Energy & Natural Resources

Carbon Capture M&A Is Accelerating – Here Is a Quick Guide for Interested Parties

Carbon capture is no longer a niche industry.  With companies’ net zero goals inching ever closer, interest in carbon capture and sequestration (CCS) is increasing across a range of industries. Multiple, nine-figure deals in the past year involving CCS indicate that industry sees this as a critical part of their future business, particularly as they are setting their own emissions and sustainability goals.

As a backdrop, global investment in CCS has more than doubled since 2021, reaching $6.4 billion in 2022, with the United States accounting for 45 percent of the global CCS investment, according to BNEF.[1] Looking ahead through 2035, BNEF projects CCS will grow at an 18% compound annual growth rate – again led by the United States.[2]

Source: BloombergNEF [3]

This quick guide is for companies exploring deals in this space, including key issues to take into account and how they need to communicate their efforts to investors, local communities, the media, and other stakeholders.

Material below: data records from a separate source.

lemma partial_order_carrierD:
  assumes "partial_order_carrier A le"
  shows "a \<in> A \<Longrightarrow> le a a"
    and "a \<in> A \<Longrightarrow> b \<in> A \<Longrightarrow> le a b \<Longrightarrow> le b a \<Longrightarrow> a = b"
    and "a \<in> A \<Longrightarrow> b \<in> A \<Longrightarrow> c \<in> A \<Longrightarrow> le a b \<Longrightarrow> le b c \<Longrightarrow> le a c"
  using assms unfolding partial_order_carrier_def by blast+

lemma closedin_ex_min_elem_below:
  assumes "compact_space T" and po: "partial_order_carrier (topspace T) le"
    and down_closed: "\<And>y. y \<in> topspace T \<Longrightarrow> closedin T {z \<in> topspace T. le z y}"
    and V: "closedin T V" and x: "x \<in> V"
  shows "\<exists>m\<in>min_elems le V. le m x"
proof -
  have VT: "V \<subseteq> topspace T"
    using V closedin_subset by blast
  have refl: "le a a" if "a \<in> V" for a
    using partial_order_carrierD(1)[OF po] that VT by (meson subsetD)
  have antisym: "a = b" if "a \<in> V" "b \<in> V" "le a b" "le b a" for a b
    using partial_order_carrierD(2)[OF po] that VT by (meson subsetD)
  have trans: "le a c" if "a \<in> V" "b \<in> V" "c \<in> V" "le a b" "le b c" for a b c
    using partial_order_carrierD(3)[OF po] that VT by (meson subsetD)
  define A where "A = {z \<in> V. le z x}"
  have "partial_order_on A (relation_of (\<lambda>a b. le b a) A)"
  proof (rule partial_order_on_relation_ofI)
    show "le a a" if "a \<in> A" for a
      using refl that unfolding A_def by blast
    show "le c a" if "a \<in> A" "b \<in> A" "c \<in> A" "le b a" "le c b" for a b c
      using trans[of c b a] that unfolding A_def by blast
    show "a = b" if "a \<in> A" "b \<in> A" "le b a" "le a b" for a b
      using antisym that unfolding A_def by blast
  qed
  moreover have "\<exists>u\<in>A. \<forall>a\<in>C. le u a"
    if C: "C \<in> Chains (relation_of (\<lambda>a b. le b a) A)" for C
  proof (cases "C = {}")
    case True
    then show ?thesis
      using x refl[OF x] unfolding A_def by blast
  next
    case False
    have CA: "C \<subseteq> A"
      using Chains_relation_of[OF C] .
    have comparable: "le a b \<or> le b a" if "a \<in> C" "b \<in> C" for a b
      using C that unfolding Chains_def relation_of_def by blast
    define \<U> where "\<U> = (\<lambda>y. {z \<in> V. le z y}) ` C"
    have "closedin T D \<and> D \<noteq> {}" if "D \<in> \<U>" for D
    proof -
      obtain y where y: "y \<in> C" "D = {z \<in> V. le z y}"
        using \<open>D \<in> \<U>\<close> \<U>_def by blast
      have yV: "y \<in> V"
        using y CA A_def by blast
      have "D = V \<inter> {z \<in> topspace T. le z y}"
        using y VT by blast
      then have "closedin T D"
        using closedin_Int[OF V down_closed] yV VT by blast
      moreover have "y \<in> D"
        using y yV refl by blast
      ultimately show ?thesis
        by blast
    qed
    moreover have "subset.chain UNIV \<U>"
      unfolding subset_chain_def
    proof (intro conjI ballI)
      fix D E assume "D \<in> \<U>" "E \<in> \<U>"
      then obtain a b where ab: "a \<in> C" "b \<in> C" "D = {z \<in> V. le z a}" "E = {z \<in> V. le z b}"
        using \<U>_def by blast
      have "a \<in> V" "b \<in> V"
        using ab CA A_def by blast+
      then show "D \<subseteq> E \<or> E \<subseteq> D"
        using comparable[OF ab(1,2)] trans unfolding ab(3,4) by blast
    qed simp
    ultimately obtain m where m: "m \<in> \<Inter>\<U>"
      using compact_space_Inter_chain_nonempty[OF \<open>compact_space T\<close>] by blast
    obtain y where y: "y \<in> C"
      using False by blast
    have "m \<in> V" "le m y" "\<forall>a\<in>C. le m a"
      using m y \<U>_def by blast+
    moreover have "le m x"
      using trans[of m y x] \<open>m \<in> V\<close> \<open>le m y\<close> y CA x unfolding A_def by blast
    ultimately show ?thesis
      unfolding A_def by blast
  qed
  ultimately obtain m where m: "m \<in> A" and minimal: "\<forall>a\<in>A. le a m \<longrightarrow> a = m"
    using predicate_Zorn[of A "\<lambda>a b. le b a"] by blast
  have "m \<in> min_elems le V"
    unfolding min_elems_def
  proof (intro CollectI conjI ballI impI)
    show "m \<in> V"
      using m A_def by blast
  next
    fix y assume "y \<in> V" "le y m"
    then have "y \<in> A"
      using trans[of y m x] m x unfolding A_def by blast
    then show "y = m"
      using minimal \<open>le y m\<close> by blast
  qed
  then show ?thesis
    using m A_def by blast
qed

lemma preim_mono: "A \<subseteq> B \<Longrightarrow> preim T f A \<subseteq> preim T f B"
  unfolding preim_def by blast

lemma preim_in_ClopUp:
  assumes f: "continuous_map T1 T2 f"
    and mono: "\<forall>x\<in>topspace T1. \<forall>y\<in>topspace T1. le1 x y \<longrightarrow> le2 (f x) (f y)"
    and U: "U \<in> ClopUp T2 le2"
  shows "preim T1 f U \<in> ClopUp T1 le1"
proof -
  have U': "openin T2 U" "closedin T2 U" "upset_in T2 le2 U"
    using U unfolding ClopUp_def clopen_in_def by auto
  have "openin T1 (preim T1 f U)" "closedin T1 (preim T1 f U)"
    unfolding preim_def
    using openin_continuous_map_preimage[OF f U'(1)] closedin_continuous_map_preimage[OF f U'(2)]
    by auto
  moreover have "upset_in T1 le1 (preim T1 f U)"
    unfolding upset_in_def preim_def
  proof (intro conjI ballI impI)
    fix x y assume x: "x \<in> {x \<in> topspace T1. f x \<in> U}" and y: "y \<in> topspace T1" and "le1 x y"
    then have "le2 (f x) (f y)"
      using mono by blast
    moreover have "f y \<in> topspace T2"
      using f y by (meson continuous_map_image_subset_topspace image_subset_iff)
    ultimately show "y \<in> {x \<in> topspace T1. f x \<in> U}"
      using U'(3) x y unfolding upset_in_def by blast
  qed auto
  ultimately show ?thesis
    unfolding ClopUp_def clopen_in_def by blast
qed

lemma L_morphism_preim_in_ClopUp:
  assumes "L_morphism T1 le1 T2 le2 f" and "U \<in> ClopUp T2 le2"
  shows "preim T1 f U \<in> ClopUp T1 le1"
proof (rule preim_in_ClopUp[OF _ _ assms(2)])
  show "continuous_map T1 T2 f"
    and "\<forall>x\<in>topspace T1. \<forall>y\<in>topspace T1. le1 x y \<longrightarrow> le2 (f x) (f y)"
    using assms(1) unfolding L_morphism_def by blast+
qed

lemma scott_upset_way_below:
  assumes P: "priestley_space T le" and V: "scott_upset T le V" and "V \<subseteq> U"
  shows "way_below T le V U"
  unfolding way_below_def
proof (intro allI impI subsetI)
  fix W z assume W: "openin T W \<and> upset_in T le W \<and> U \<subseteq> T closure_of W" and z: "z \<in> V"
  have V_closed: "closedin T V"
    using V unfolding scott_upset_def by blast
  have compact: "compact_space T" and po: "partial_order_carrier (topspace T) le"
    using P unfolding priestley_space_def stone_space_def by blast+
  obtain m where m: "m \<in> min_elems le V" "le m z"
    using closedin_ex_min_elem_below[OF compact po
        priestley_space_closedin_principal_downset[OF P] V_closed z] by blast
  have "m \<in> spatial_part T le"
    using m V unfolding scott_upset_def by blast
  then have mT: "m \<in> topspace T" and "openin T (downset_of T le {m})"
    unfolding spatial_part_def clopen_in_def by blast+
  moreover have "m \<in> downset_of T le {m}"
    using partial_order_carrierD(1)[OF po mT] mT
    unfolding downset_of_def by blast
  moreover have "m \<in> T closure_of W"
    using m \<open>V \<subseteq> U\<close> W unfolding min_elems_def by blast
  ultimately obtain w where "w \<in> W" "w \<in> downset_of T le {m}"
    unfolding in_closure_of by blast
  then have "m \<in> W"
    using W mT unfolding downset_of_def upset_in_def by blast
  moreover have "z \<in> topspace T"
    using z V_closed closedin_subset by blast
  ultimately show "z \<in> W"
    using W m unfolding upset_in_def by blast
qed

lemma core_of_subset_ker_of:
  assumes "priestley_space T le"
  shows "core_of T le U \<subseteq> ker_of T le U"
proof
  fix x assume "x \<in> core_of T le U"
  then obtain V where V: "V \<in> ClopSUp T le" "V \<subseteq> U" "x \<in> V"
    unfolding core_of_def by blast
  then have "V \<in> ClopUp T le"
    unfolding ClopSUp_def ClopUp_def scott_upset_def by blast
  moreover have "way_below T le V U"
    using scott_upset_way_below[OF assms _ \<open>V \<subseteq> U\<close>] V(1) unfolding ClopSUp_def by blast
  ultimately show "x \<in> ker_of T le U"
    using V(3) unfolding ker_of_def by blast
qed

lemma openin_core_of: "openin T (core_of T le U)"
  unfolding core_of_def by (rule openin_Union) (auto simp: ClopSUp_def clopen_in_def)

lemma upset_in_core_of: "upset_in T le (core_of T le U)"
  unfolding upset_in_def
proof (intro conjI ballI impI)
  show "core_of T le U \<subseteq> topspace T"
    by (rule openin_subset[OF openin_core_of])
next
  fix a b assume "a \<in> core_of T le U" "b \<in> topspace T" "le a b"
  moreover from \<open>a \<in> core_of T le U\<close> obtain V where V: "V \<in> ClopSUp T le" "V \<subseteq> U" "a \<in> V"
    unfolding core_of_def by blast
  moreover have "upset_in T le V"
    using V(1) unfolding ClopSUp_def scott_upset_def by blast
  ultimately have "b \<in> V"
    unfolding upset_in_def by blast
  then show "b \<in> core_of T le U"
    using V unfolding core_of_def by blast
qed

lemma ker_of_subset_core_of:
  assumes "algebraic_L_space T le" and "U \<in> ClopUp T le"
  shows "ker_of T le U \<subseteq> core_of T le U"
proof -
  have "U \<subseteq> T closure_of (core_of T le U)"
    using assms unfolding algebraic_L_space_def by blast
  then have "V \<subseteq> core_of T le U" if "way_below T le V U" for V
    using that openin_core_of upset_in_core_of unfolding way_below_def by (meson conjI)
  then show ?thesis
    unfolding ker_of_def by blast
qed

lemma proper_imp_coherent_morphism:
  assumes "priestley_space T2 le2" and "algebraic_L_space T1 le1"
    and f: "L_morphism T1 le1 T2 le2 f" and "proper_morphism T1 le1 T2 le2 f"
  shows "coherent_morphism T1 le1 T2 le2 f"
  unfolding coherent_morphism_def
proof
  fix U assume U: "U \<in> ClopUp T2 le2"
  have "preim T1 f (core_of T2 le2 U) \<subseteq> preim T1 f (ker_of T2 le2 U)"
    by (rule preim_mono[OF core_of_subset_ker_of[OF assms(1)]])
  also have "\<dots> \<subseteq> ker_of T1 le1 (preim T1 f U)"
    using assms(4) U unfolding proper_morphism_def by blast
  also have "\<dots> \<subseteq> core_of T1 le1 (preim T1 f U)"
    by (rule ker_of_subset_core_of[OF assms(2) L_morphism_preim_in_ClopUp[OF f U]])
  finally show "preim T1 f (core_of T2 le2 U) \<subseteq> core_of T1 le1 (preim T1 f U)" .
qed

lemma coherent_imp_proper_morphism:
  assumes "priestley_space T1 le1" and "algebraic_L_space T2 le2"
    and "coherent_morphism T1 le1 T2 le2 f"
  shows "proper_morphism T1 le1 T2 le2 f"
  unfolding proper_morphism_def
proof
  fix U assume U: "U \<in> ClopUp T2 le2"
  have "preim T1 f (ker_of T2 le2 U) \<subseteq> preim T1 f (core_of T2 le2 U)"
    by (rule preim_mono[OF ker_of_subset_core_of[OF assms(2) U]])
  also have "\<dots> \<subseteq> core_of T1 le1 (preim T1 f U)"
    using assms(3) U unfolding coherent_morphism_def by blast
  also have "\<dots> \<subseteq> ker_of T1 le1 (preim T1 f U)"
    by (rule core_of_subset_ker_of[OF assms(1)])
  finally show "preim T1 f (ker_of T2 le2 U) \<subseteq> ker_of T1 le1 (preim T1 f U)" .
qed
(* Let $G=\mathbb{Z}_2$ or $G=\mathbb{Z}_2\times\mathbb{Z}_2$ and $m\ge3$. Then the set $Y_{G,m}$ defined in the context is not convex.
   Context: $G$ is written additively with identity $0$; for $G=\mathbb{Z}_2$ the characters are $\hat g(h)=(-1)^{gh}$, and for $G=\mathbb{Z}_2\times\mathbb{Z}_2$ they are $\widehat{(a,b)}((c,d))=(-1)^{ac+bd}$. For $\mathbf g,\mathbf h\in G^m$ let $\widehat{\mathbf g}(\mathbf h)=\prod_{x=1}^m\hat g_x(h_x)$. Let $\Delta$ be the probability simplex in $\mathbb{R}^{G^m}$ and let $q$-space be $\{H\mathbf p:\mathbf p\in\Delta\}$, where $(H\mathbf p)_{\mathbf g}=\sum_{\mathbf h\in G^m}\widehat{\mathbf g}(\mathbf h)p_{\mathbf h}$. A split is a bipartition of the taxon set $\{1,\dots,m\}$ into two nonempty parts; for a split $s$, $\Lambda(s)$ denotes the part not containing taxon $m$. For a split $s$ and $h\in G$, $\boldsymbol\rho(s,h)\in G^m$ assigns $h$ to each taxon in $\Lambda(s)$ and $0$ to the others. $Y_{G,m}$ is the set of points $\mathbf q$ of $q$-space such that for every split $s$ and every $h\in G\setminus\{0\}$, $$\prod_{\mathbf g\in G^m:\ \widehat{\boldsymbol\rho(s,h)}(\mathbf g)=1} q_{\mathbf g}\ \ge\ \prod_{\mathbf g\in G^m:\ \widehat{\boldsymbol\rho(s,h)}(\mathbf g)=-1} q_{\mathbf g}.$$ *)

theory Defs
  imports "HOL-Analysis.Analysis"
begin

text \<open>A finite abelian group G is described by its identity z and its character
 table chi, where chi g h is the value of the character of g at h.
 Taxa 1..m are represented by indices 0..m-1; taxon m is index m-1.
 Elements of G^m are functions on {0..<m} (extensional, as in PiE).\<close>

definition Gm :: "nat \<Rightarrow> (nat \<Rightarrow> 'g) set" where
  "Gm m = PiE {0..<m} (\<lambda>_. UNIV)"

definition hatv :: "('g \<Rightarrow> 'g \<Rightarrow> real) \<Rightarrow> nat \<Rightarrow> (nat \<Rightarrow> 'g) \<Rightarrow> (nat \<Rightarrow> 'g) \<Rightarrow> real" where
  "hatv chi m g h = (\<Prod>x<m. chi (g x) (h x))"

definition prob_simplex :: "nat \<Rightarrow> ((nat \<Rightarrow> 'g) \<Rightarrow> real) set" where
  "prob_simplex m = {p. (\<forall>h\<in>Gm m. 0 \<le> p h) \<and> (\<forall>h. h \<notin> Gm m \<longrightarrow> p h = 0)
                   \<and> sum p (Gm m) = 1}"

definition Hmap :: "('g \<Rightarrow> 'g \<Rightarrow> real) \<Rightarrow> nat \<Rightarrow> ((nat \<Rightarrow> 'g) \<Rightarrow> real) \<Rightarrow> ((nat \<Rightarrow> 'g) \<Rightarrow> real)" where
  "Hmap chi m p = (\<lambda>g. if g \<in> Gm m then (\<Sum>h\<in>Gm m. hatv chi m g h * p h) else 0)"

definition qspace :: "('g::finite \<Rightarrow> 'g \<Rightarrow> real) \<Rightarrow> nat \<Rightarrow> ((nat \<Rightarrow> 'g) \<Rightarrow> real) set" where
  "qspace chi m = Hmap chi m ` prob_simplex m"

definition is_split :: "nat \<Rightarrow> nat set set \<Rightarrow> bool" where
  "is_split m s \<longleftrightarrow> (\<exists>A B. s = {A, B} \<and> A \<noteq> {} \<and> B \<noteq> {} \<and> A \<inter> B = {} \<and> A \<union> B = {0..<m})"

definition Lambda :: "nat \<Rightarrow> nat set set \<Rightarrow> nat set" where
  "Lambda m s = (THE A. A \<in> s \<and> m - 1 \<notin> A)"

definition rho :: "'g \<Rightarrow> nat \<Rightarrow> nat set set \<Rightarrow> 'g \<Rightarrow> (nat \<Rightarrow> 'g)" where
  "rho z m s h = restrict (\<lambda>x. if x \<in> Lambda m s then h else z) {0..<m}"

definition Yset :: "'g \<Rightarrow> ('g::finite \<Rightarrow> 'g \<Rightarrow> real) \<Rightarrow> nat \<Rightarrow> ((nat \<Rightarrow> 'g) \<Rightarrow> real) set" where
  "Yset z chi m = {q \<in> qspace chi m. \<forall>s h. is_split m s \<longrightarrow> h \<noteq> z \<longrightarrow>
      (\<Prod>g\<in>{g\<in>Gm m. hatv chi m (rho z m s h) g = 1}. q g)
        \<ge> (\<Prod>g\<in>{g\<in>Gm m. hatv chi m (rho z m s h) g = -1}. q g)}"

definition convex_fun_set :: "('a \<Rightarrow> real) set \<Rightarrow> bool" where
  "convex_fun_set S \<longleftrightarrow> (\<forall>x\<in>S. \<forall>y\<in>S. \<forall>t::real. 0 \<le> t \<and> t \<le> 1 \<longrightarrow>
      (\<lambda>i. t * x i + (1 - t) * y i) \<in> S)"

text \<open>Z_2 = bool (False = 0, True = 1), characters (-1)^(gh).\<close>
definition chiZ2 :: "bool \<Rightarrow> bool \<Rightarrow> real" where
  "chiZ2 g h = (-1) ^ (of_bool g * of_bool h)"

text \<open>Z_2 x Z_2 = bool x bool, characters (-1)^(ac+bd).\<close>
definition chiZ2Z2 :: "bool \<times> bool \<Rightarrow> bool \<times> bool \<Rightarrow> real" where
  "chiZ2Z2 g h = (case g of (a, b) \<Rightarrow> case h of (c, d) \<Rightarrow>
      (-1) ^ (of_bool a * of_bool c + of_bool b * of_bool d))"

end

theory Submission
  imports Defs
begin

(* Work with an abstract character table chi on a finite set G with distinguished
   zero z: chi is symmetric, {1,-1}-valued, multiplicative in its second argument with respect to
   some addition, trivial at z, every h \<noteq> z has a character value -1, and some e has chi e e = -1.
   Both Z_2 and Z_2 x Z_2 are instances.
   For u \<in> G^m let q_u = H(1/2 \<delta>_0 + 1/2 \<delta>_u); its coordinates are q_u(g) = (1 + \<hat>g(u))/2, so
   q_u is the 0/1 indicator of the characters trivial at u.  Every such q_u lies in Y: for a split
   with character \<rho>, the set C = {g. \<hat>\<rho>(g) = -1} is a nonempty coset of K = {g. \<hat>\<rho>(g) = 1},
   so either q_u vanishes somewhere on C (right-hand product 0) or q_u is identically 1
   (both products 1).
   With u1 = e at taxon 1 and u2 = e at taxa 0 and 1, the midpoint of q_u1 and q_u2 violates the
   inequality for the split {0} | rest and h = e: it vanishes at u1 \<in> K but equals 1/2 on C. *)

lemma Lambda_split:
  assumes "is_split m s"
  shows "Lambda m s \<noteq> {}" and "Lambda m s \<subseteq> {0..<m}"
proof -
  obtain A B where s: "s = {A, B}" "A \<noteq> {}" "B \<noteq> {}" "A \<inter> B = {}" "A \<union> B = {0..<m}"
    using assms unfolding is_split_def by blast
  then have "m - 1 \<in> A \<union> B" by auto
  then have "Lambda m s = (if m - 1 \<in> A then B else A)"
    unfolding Lambda_def s(1) using s(4) by (intro the_equality) auto
  then show "Lambda m s \<noteq> {}" and "Lambda m s \<subseteq> {0..<m}" using s by auto
qed

lemma finite_Gm [simp]: "finite (Gm m :: (nat \<Rightarrow> 'g::finite) set)"
  unfolding Gm_def by (intro finite_PiE) auto

locale character_table =
  fixes z :: "'g::finite" and chi :: "'g \<Rightarrow> 'g \<Rightarrow> real"
    and add :: "'g \<Rightarrow> 'g \<Rightarrow> 'g" and e :: 'g
  assumes chi_sym: "chi a b = chi b a"
    and chi_add: "chi g (add a b) = chi g a * chi g b"
    and chi_sign: "chi a b = 1 \<or> chi a b = -1"
    and chi_zero: "chi g z = 1"
    and chi_separates: "h \<noteq> z \<Longrightarrow> \<exists>a. chi h a = -1"
    and chi_e_e: "chi e e = -1"
begin

lemma e_nonzero: "e \<noteq> z"
  using chi_e_e chi_zero by force

lemma hatv_sym: "hatv chi m g h = hatv chi m h g"
  unfolding hatv_def using chi_sym by metis

lemma hatv_sign: "hatv chi m g h = 1 \<or> hatv chi m g h = -1"
proof -
  have "\<bar>hatv chi m g h\<bar> = (\<Prod>x<m. \<bar>chi (g x) (h x)\<bar>)"
    unfolding hatv_def by (rule abs_prod)
  also have "\<dots> = 1"
    using chi_sign by (intro prod.neutral) (metis abs_1 abs_minus_cancel)
  finally show ?thesis by (auto simp: abs_if split: if_splits)
qed

definition vadd :: "nat \<Rightarrow> (nat \<Rightarrow> 'g) \<Rightarrow> (nat \<Rightarrow> 'g) \<Rightarrow> nat \<Rightarrow> 'g" where
  "vadd m k c = restrict (\<lambda>x. add (k x) (c x)) {0..<m}"

lemma vadd_Gm: "vadd m k c \<in> Gm m"
  by (simp add: vadd_def Gm_def)

lemma hatv_vadd: "hatv chi m g (vadd m k c) = hatv chi m g k * hatv chi m g c"
  unfolding hatv_def vadd_def prod.distrib[symmetric]
  by (intro prod.cong) (auto simp: chi_add)

definition vec_on :: "nat \<Rightarrow> nat set \<Rightarrow> 'g \<Rightarrow> nat \<Rightarrow> 'g" where
  "vec_on m S a = restrict (\<lambda>x. if x \<in> S then a else z) {0..<m}"

lemma vec_on_Gm: "vec_on m S a \<in> Gm m"
  by (simp add: vec_on_def Gm_def)

lemma rho_vec_on: "rho z m s h = vec_on m (Lambda m s) h"
  unfolding rho_def vec_on_def ..

lemma hatv_vec_on: "hatv chi m g (vec_on m S a) = (\<Prod>x \<in> {..<m} \<inter> S. chi (g x) a)"
proof -
  have "hatv chi m g (vec_on m S a) = (\<Prod>x<m. if x \<in> S then chi (g x) a else 1)"
    unfolding hatv_def vec_on_def by (intro prod.cong) (auto simp: chi_zero)
  also have "\<dots> = (\<Prod>x \<in> {..<m} \<inter> S. chi (g x) a)"
    by (rule prod.inter_restrict[symmetric]) simp
  finally show ?thesis .
qed

lemma hatv_vec_on_subset:
  "S \<subseteq> {..<m} \<Longrightarrow> hatv chi m g (vec_on m S a) = (\<Prod>x\<in>S. chi (g x) a)"
  by (simp add: hatv_vec_on Int_absorb1)

lemma split_character_nontrivial:
  assumes "is_split m s" "h \<noteq> z"
  obtains c where "c \<in> Gm m" "hatv chi m (rho z m s h) c = -1"
proof -
  obtain x0 where "x0 \<in> Lambda m s"
    using Lambda_split(1)[OF assms(1)] by blast
  then have x0: "x0 \<in> Lambda m s" "x0 < m"
    using Lambda_split(2)[OF assms(1)] by auto
  obtain a where a: "chi h a = -1"
    using chi_separates[OF assms(2)] by blast
  have "hatv chi m (rho z m s h) (vec_on m {x0} a) = chi (rho z m s h x0) a"
    using x0 by (simp add: hatv_vec_on)
  also have "\<dots> = -1"
    using x0 a by (simp add: rho_vec_on vec_on_def)
  finally show ?thesis using that vec_on_Gm by blast
qed

text \<open>C is a coset of the kernel K, so a vector u on which all characters of C are trivial
  is annihilated by every character.\<close>
lemma trivial_on_coset_imp_trivial:
  assumes c: "c \<in> Gm m" "hatv chi m r c = -1"
    and trivial_C: "\<And>g. g \<in> Gm m \<Longrightarrow> hatv chi m r g = -1 \<Longrightarrow> hatv chi m g u = 1"
    and g: "g \<in> Gm m"
  shows "hatv chi m g u = 1"
proof (cases "hatv chi m r g = -1")
  case True
  then show ?thesis using trivial_C g by blast
next
  case False
  then have "hatv chi m r (vadd m g c) = -1"
    using hatv_sign c by (metis hatv_vadd mult_1)
  then have "hatv chi m u (vadd m g c) = 1"
    using trivial_C vadd_Gm hatv_sym by metis
  moreover have "hatv chi m u c = 1"
    using trivial_C c hatv_sym by metis
  ultimately show ?thesis
    using hatv_sym by (metis hatv_vadd mult.right_neutral)
qed

definition half_delta :: "nat \<Rightarrow> (nat \<Rightarrow> 'g) \<Rightarrow> (nat \<Rightarrow> 'g) \<Rightarrow> real" where
  "half_delta m u h = (if h = vec_on m {} z then 1/2 else 0) + (if h = u then 1/2 else 0)"

definition vertex :: "nat \<Rightarrow> (nat \<Rightarrow> 'g) \<Rightarrow> (nat \<Rightarrow> 'g) \<Rightarrow> real" where
  "vertex m u = Hmap chi m (half_delta m u)"

lemma half_delta_simplex:
  assumes "u \<in> Gm m"
  shows "half_delta m u \<in> prob_simplex m"
proof -
  have "sum (half_delta m u) (Gm m) = 1"
    unfolding half_delta_def using assms vec_on_Gm[of m "{}" z]
    by (simp add: sum.distrib sum.delta)
  then show ?thesis
    unfolding prob_simplex_def half_delta_def using assms vec_on_Gm by auto
qed

lemma vertex_qspace: "u \<in> Gm m \<Longrightarrow> vertex m u \<in> qspace chi m"
  unfolding vertex_def qspace_def using half_delta_simplex by blast

lemma vertex_value:
  assumes "u \<in> Gm m" "g \<in> Gm m"
  shows "vertex m u g = (1 + hatv chi m g u) / 2"
proof -
  have "vertex m u g = (\<Sum>h\<in>Gm m. hatv chi m g h * half_delta m u h)"
    unfolding vertex_def Hmap_def using assms(2) by simp
  also have "\<dots> = (\<Sum>h\<in>Gm m. (if h = vec_on m {} z then hatv chi m g h / 2 else 0))
      + (\<Sum>h\<in>Gm m. (if h = u then hatv chi m g h / 2 else 0))"
    unfolding half_delta_def sum.distrib[symmetric] by (intro sum.cong) auto
  also have "\<dots> = (1 + hatv chi m g u) / 2"
    using assms vec_on_Gm[of m "{}" z]
    by (simp add: sum.delta hatv_vec_on add_divide_distrib)
  finally show ?thesis .
qed

lemma vertex_nonneg: "u \<in> Gm m \<Longrightarrow> g \<in> Gm m \<Longrightarrow> vertex m u g \<ge> 0"
  using hatv_sign[of m g u] by (auto simp: vertex_value)

lemma vertex_in_Y:
  assumes u: "u \<in> Gm m"
  shows "vertex m u \<in> Yset z chi m"
proof -
  have "(\<Prod>g\<in>{g\<in>Gm m. hatv chi m r g = -1}. vertex m u g)
      \<le> (\<Prod>g\<in>{g\<in>Gm m. hatv chi m r g = 1}. vertex m u g)"
    if split: "is_split m s" and h: "h \<noteq> z" and r: "r = rho z m s h" for s h r
  proof (cases "\<forall>g\<in>Gm m. hatv chi m r g = -1 \<longrightarrow> hatv chi m g u = 1")
    case True
    obtain c where c: "c \<in> Gm m" "hatv chi m r c = -1"
      using split_character_nontrivial[OF split h] unfolding r by blast
    have "vertex m u g = 1" if "g \<in> Gm m" for g
    proof -
      have "hatv chi m g u = 1"
        using trivial_on_coset_imp_trivial[OF c _ that] True by blast
      then show ?thesis using vertex_value[OF u that] by simp
    qed
    then show ?thesis by simp
  next
    case False
    then obtain g where g: "g \<in> Gm m" "hatv chi m r g = -1" "hatv chi m g u \<noteq> 1" by blast
    then have "hatv chi m g u = -1"
      using hatv_sign by metis
    then have "vertex m u g = 0"
      using vertex_value[OF u g(1)] by simp
    then have "(\<Prod>g\<in>{g\<in>Gm m. hatv chi m r g = -1}. vertex m u g) = 0"
      using g by (intro prod_zero) auto
    moreover have "(\<Prod>g\<in>{g\<in>Gm m. hatv chi m r g = 1}. vertex m u g) \<ge> 0"
      using u vertex_nonneg by (intro prod_nonneg) auto
    ultimately show ?thesis by linarith
  qed
  then show ?thesis
    unfolding Yset_def using vertex_qspace[OF u] by auto
qed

1. Prepare for Competitive Bidding as Demand Is Outpacing Supply

The biggest carbon management acquisition in 2023 was ExxonMobil’s purchase of Denbury for $4.9 billion.[4] But as Bloomberg reported in August 2023, there were nearly 30 potential buyers that were lined up and talking to Denbury, including several large international energy companies.[5] What this suggests is that there are dozens of large companies looking to make big purchases in carbon management, and as of today, based on our experience, there are only a handful of companies that own and operate these assets – many of which are energy companies that will be looking for more ways to leverage that infrastructure.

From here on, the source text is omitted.